**Description of the task**
A word-for-word copy of the entries is the only acceptable reply.

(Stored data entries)
lemma besselK0_Mellin_kernel_integral_u:
  fixes a b z :: real and s :: complex
  assumes b: "b > 0"
  shows "(\<integral>u. besselK0_Mellin_kernel a b s u z \<partial>lborel)
    = indicator {0<..} z *\<^sub>R (of_real z powr (s - 1) * of_real (2 * besselK0 (2 * b * z powr (a / 2))))"
proof (cases "z > 0")
  case z: True
  define y where "y = b * z powr (a / 2)"
  have "(z powr (a / 2))^2 = z powr a"
    by (simp add: power2_eq_square flip: powr_add)
  then have y: "y > 0" and y2: "b^2 * z powr a = y^2"
    using b z by (simp_all add: y_def power_mult_distrib)
  have "(\<lambda>u. besselK0_Mellin_kernel a b s u z)
      = (\<lambda>u. of_real z powr (s - 1) * of_real (indicator {0<..} u *\<^sub>R (exp (- u - y^2 / u) / u)))"
    using z by (intro ext) (simp add: besselK0_Mellin_kernel_def y2 scaleR_conv_of_real)
  then have "(\<integral>u. besselK0_Mellin_kernel a b s u z \<partial>lborel)
      = of_real z powr (s - 1) * of_real (LINT u:{0<..}|lborel. exp (- u - y^2 / u) / u)"
    by (simp only: integral_mult_right_zero integral_complex_of_real set_lebesgue_integral_def)
  then show ?thesis
    using z unfolding besselK0_eq_integral[OF y] by (simp add: y_def mult.assoc)
qed (simp add: besselK0_Mellin_kernel_def)

lemma norm_besselK0_Mellin_kernel:
  "norm (besselK0_Mellin_kernel a b s u z) = Re (besselK0_Mellin_kernel a b (of_real (Re s)) u z)"
proof (cases "u > 0 \<and> z > 0")
  case True
  have "norm (of_real z powr (s - 1)) = z powr (Re s - 1)"
    using True by (simp add: norm_powr_real_powr)
  moreover have "complex_of_real z powr (of_real (Re s) - 1) = of_real (z powr (Re s - 1))"
    using True powr_of_real[of z "Re s - 1"] by simp
  ultimately show ?thesis
    using True by (simp add: besselK0_Mellin_kernel_def norm_divide norm_mult del: of_real_divide)
qed (auto simp: besselK0_Mellin_kernel_def)

lemma integrable_besselK0_Mellin_kernel:
  fixes a b :: real and s :: complex
  assumes a: "a > 0" and b: "b > 0" and s: "Re s > 0"
  shows "integrable (lborel \<Otimes>\<^sub>M lborel) (case_prod (besselK0_Mellin_kernel a b s))"
proof (rule lborel_pair.Fubini_integrable)
  show "case_prod (besselK0_Mellin_kernel a b s) \<in> borel_measurable (lborel \<Otimes>\<^sub>M lborel)"
    unfolding besselK0_Mellin_kernel_def by measurable
  define \<sigma> where "\<sigma> = complex_of_real (Re s)"
  have \<sigma>: "Re \<sigma> > 0" "Re (\<sigma> / of_real a) > 0"
    using s a by (simp_all add: \<sigma>_def Re_divide_of_real)
  have "b^2 > 0"
    using b by simp
  note Gamma = Gamma_integral_exp_neg_div_powr(1)[OF this \<sigma>(2), unfolded set_integrable_def]
  have norm_integral: "(\<integral>z. norm (case_prod (besselK0_Mellin_kernel a b s) (u, z)) \<partial>lborel) = Re (indicator {0<..} u *\<^sub>R
      (of_real (exp (- u) / u) * of_real (b^2 / u) powr (- (\<sigma> / of_real a))) * (Gamma (\<sigma> / of_real a) / of_real a))" for u
  proof -
    have "(\<integral>z. norm (case_prod (besselK0_Mellin_kernel a b s) (u, z)) \<partial>lborel)
        = Re (\<integral>z. besselK0_Mellin_kernel a b \<sigma> u z \<partial>lborel)"
      using besselK0_Mellin_kernel_integral_z(1)[OF a b \<sigma>(1), of u]
      by (simp add: norm_besselK0_Mellin_kernel \<sigma>_def)
    then show ?thesis
      by (simp only: besselK0_Mellin_kernel_integral_z(2)[OF a b \<sigma>(1)])
  qed
  show "integrable lborel (\<lambda>u. \<integral>z. norm (case_prod (besselK0_Mellin_kernel a b s) (u, z)) \<partial>lborel)"
    unfolding norm_integral by (intro integrable_Re integrable_mult_left Gamma)
  show "AE u in lborel. integrable lborel (\<lambda>z. case_prod (besselK0_Mellin_kernel a b s) (u, z))"
    using besselK0_Mellin_kernel_integral_z(1)[OF a b s] by simp
qed

lemma Mellin_besselK0_powr:
  fixes a b :: real and s :: complex
  assumes a: "a > 0" and b: "b > 0" and s: "Re s > 0"
  shows "((\<lambda>z. of_real z powr (s - 1) * of_real (2 * besselK0 (2 * b * z powr (a / 2))))
           has_integral of_real b powr (- 2 * s / of_real a) * Gamma (s / of_real a)^2 / of_real a) {0<..}"
    (is "(?f has_integral ?mellin) _")
proof -
  note integrable = integrable_besselK0_Mellin_kernel[OF a b s]
  have f: "set_integrable lborel {0<..} ?f"
    using lborel_pair.integrable_snd[OF integrable]
    by (simp add: besselK0_Mellin_kernel_integral_u[OF b] set_integrable_def)
  have w: "Re (s / of_real a) > 0"
    using s a by (simp add: Re_divide_of_real)
  have b2_powr: "of_real (b^2) powr (- (s / of_real a)) = of_real b powr (- 2 * s / of_real a)"
    using b of_real_powr_powr_complex[of b 2 "- (s / of_real a)"] by simp
  have "(\<integral>u. \<integral>z. besselK0_Mellin_kernel a b s u z \<partial>lborel \<partial>lborel)
      = (LINT u:{0<..}|lborel. of_real (exp (- u) / u) * of_real (b^2 / u) powr (- (s / of_real a)))
          * (Gamma (s / of_real a) / of_real a)"
    by (simp only: besselK0_Mellin_kernel_integral_z(2)[OF a b s] integral_mult_left_zero set_lebesgue_integral_def)
  also have "\<dots> = ?mellin"
    using Gamma_integral_exp_neg_div_powr(2)[of "b^2", OF _ w] b b2_powr by (simp add: power2_eq_square)
  finally have "(LINT z:{0<..}|lborel. ?f z) = ?mellin"
    using lborel_pair.Fubini_integral[OF integrable]
    by (simp add: besselK0_Mellin_kernel_integral_u[OF b] set_lebesgue_integral_def)
  moreover have "(?f has_integral (LINT z:{0<..}|lborel. ?f z)) {0<..}"
    using set_borel_integral_eq_integral[OF f] by (simp add: integrable_integral)
  ultimately show ?thesis
    by simp
qed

**Response area**
lemma besselK0_Mellin_kernel_integral_u:
  fixes a b z :: real and s :: complex
  assumes b: "b > 0"
  shows "(\<integral>u. besselK0_Mellin_kernel a b s u z \<partial>lborel)
    = indicator {0<..} z *\<^sub>R (of_real z powr (s - 1) * of_real (2 * besselK0 (2 * b * z powr (a / 2))))"
proof (cases "z > 0")
  case z: True
  define y where "y = b * z powr (a / 2)"
  have "(z powr (a / 2))^2 = z powr a"
    by (simp add: power2_eq_square flip: powr_add)
  then have y: "y > 0" and y2: "b^2 * z powr a = y^2"
    using b z by (simp_all add: y_def power_mult_distrib)
  have "(\<lambda>u. besselK0_Mellin_kernel a b s u z)
      = (\<lambda>u. of_real z powr (s - 1) * of_real (indicator {0<..} u *\<^sub>R (exp (- u - y^2 / u) / u)))"
    using z by (intro ext) (simp add: besselK0_Mellin_kernel_def y2 scaleR_conv_of_real)
  then have "(\<integral>u. besselK0_Mellin_kernel a b s u z \<partial>lborel)
      = of_real z powr (s - 1) * of_real (LINT u:{0<..}|lborel. exp (- u - y^2 / u) / u)"
    by (simp only: integral_mult_right_zero integral_complex_of_real set_lebesgue_integral_def)
  then show ?thesis
    using z unfolding besselK0_eq_integral[OF y] by (simp add: y_def mult.assoc)
qed (simp add: besselK0_Mellin_kernel_def)

lemma norm_besselK0_Mellin_kernel:
  "norm (besselK0_Mellin_kernel a b s u z) = Re (besselK0_Mellin_kernel a b (of_real (Re s)) u z)"
proof (cases "u > 0 \<and> z > 0")
  case True
  have "norm (of_real z powr (s - 1)) = z powr (Re s - 1)"
    using True by (simp add: norm_powr_real_powr)
  moreover have "complex_of_real z powr (of_real (Re s) - 1) = of_real (z powr (Re s - 1))"
    using True powr_of_real[of z "Re s - 1"] by simp
  ultimately show ?thesis
    using True by (simp add: besselK0_Mellin_kernel_def norm_divide norm_mult del: of_real_divide)
qed (auto simp: besselK0_Mellin_kernel_def)

lemma integrable_besselK0_Mellin_kernel:
  fixes a b :: real and s :: complex
  assumes a: "a > 0" and b: "b > 0" and s: "Re s > 0"
  shows "integrable (lborel \<Otimes>\<^sub>M lborel) (case_prod (besselK0_Mellin_kernel a b s))"
proof (rule lborel_pair.Fubini_integrable)
  show "case_prod (besselK0_Mellin_kernel a b s) \<in> borel_measurable (lborel \<Otimes>\<^sub>M lborel)"
    unfolding besselK0_Mellin_kernel_def by measurable
  define \<sigma> where "\<sigma> = complex_of_real (Re s)"
  have \<sigma>: "Re \<sigma> > 0" "Re (\<sigma> / of_real a) > 0"
    using s a by (simp_all add: \<sigma>_def Re_divide_of_real)
  have "b^2 > 0"
    using b by simp
  note Gamma = Gamma_integral_exp_neg_div_powr(1)[OF this \<sigma>(2), unfolded set_integrable_def]
  have norm_integral: "(\<integral>z. norm (case_prod (besselK0_Mellin_kernel a b s) (u, z)) \<partial>lborel) = Re (indicator {0<..} u *\<^sub>R
      (of_real (exp (- u) / u) * of_real (b^2 / u) powr (- (\<sigma> / of_real a))) * (Gamma (\<sigma> / of_real a) / of_real a))" for u
  proof -
    have "(\<integral>z. norm (case_prod (besselK0_Mellin_kernel a b s) (u, z)) \<partial>lborel)
        = Re (\<integral>z. besselK0_Mellin_kernel a b \<sigma> u z \<partial>lborel)"
      using besselK0_Mellin_kernel_integral_z(1)[OF a b \<sigma>(1), of u]
      by (simp add: norm_besselK0_Mellin_kernel \<sigma>_def)
    then show ?thesis
      by (simp only: besselK0_Mellin_kernel_integral_z(2)[OF a b \<sigma>(1)])
  qed
  show "integrable lborel (\<lambda>u. \<integral>z. norm (case_prod (besselK0_Mellin_kernel a b s) (u, z)) \<partial>lborel)"
    unfolding norm_integral by (intro integrable_Re integrable_mult_left Gamma)
  show "AE u in lborel. integrable lborel (\<lambda>z. case_prod (besselK0_Mellin_kernel a b s) (u, z))"
    using besselK0_Mellin_kernel_integral_z(1)[OF a b s] by simp
qed

lemma Mellin_besselK0_powr:
  fixes a b :: real and s :: complex
  assumes a: "a > 0" and b: "b > 0" and s: "Re s > 0"
  shows "((\<lambda>z. of_real z powr (s - 1) * of_real (2 * besselK0 (2 * b * z powr (a / 2))))
           has_integral of_real b powr (- 2 * s / of_real a) * Gamma (s / of_real a)^2 / of_real a) {0<..}"
    (is "(?f has_integral ?mellin) _")
proof -
  note integrable = integrable_besselK0_Mellin_kernel[OF a b s]
  have f: "set_integrable lborel {0<..} ?f"
    using lborel_pair.integrable_snd[OF integrable]
    by (simp add: besselK0_Mellin_kernel_integral_u[OF b] set_integrable_def)
  have w: "Re (s / of_real a) > 0"
    using s a by (simp add: Re_divide_of_real)
  have b2_powr: "of_real (b^2) powr (- (s / of_real a)) = of_real b powr (- 2 * s / of_real a)"
    using b of_real_powr_powr_complex[of b 2 "- (s / of_real a)"] by simp
  have "(\<integral>u. \<integral>z. besselK0_Mellin_kernel a b s u z \<partial>lborel \<partial>lborel)
      = (LINT u:{0<..}|lborel. of_real (exp (- u) / u) * of_real (b^2 / u) powr (- (s / of_real a)))
          * (Gamma (s / of_real a) / of_real a)"
    by (simp only: besselK0_Mellin_kernel_integral_z(2)[OF a b s] integral_mult_left_zero set_lebesgue_integral_def)
  also have "\<dots> = ?mellin"
    using Gamma_integral_exp_neg_div_powr(2)[of "b^2", OF _ w] b b2_powr by (simp add: power2_eq_square)
  finally have "(LINT z:{0<..}|lborel. ?f z) = ?mellin"
    using lborel_pair.Fubini_integral[OF integrable]
    by (simp add: besselK0_Mellin_kernel_integral_u[OF b] set_lebesgue_integral_def)
  moreover have "(?f has_integral (LINT z:{0<..}|lborel. ?f z)) {0<..}"
    using set_borel_integral_eq_integral[OF f] by (simp add: integrable_integral)
  ultimately show ?thesis
    by simp
qed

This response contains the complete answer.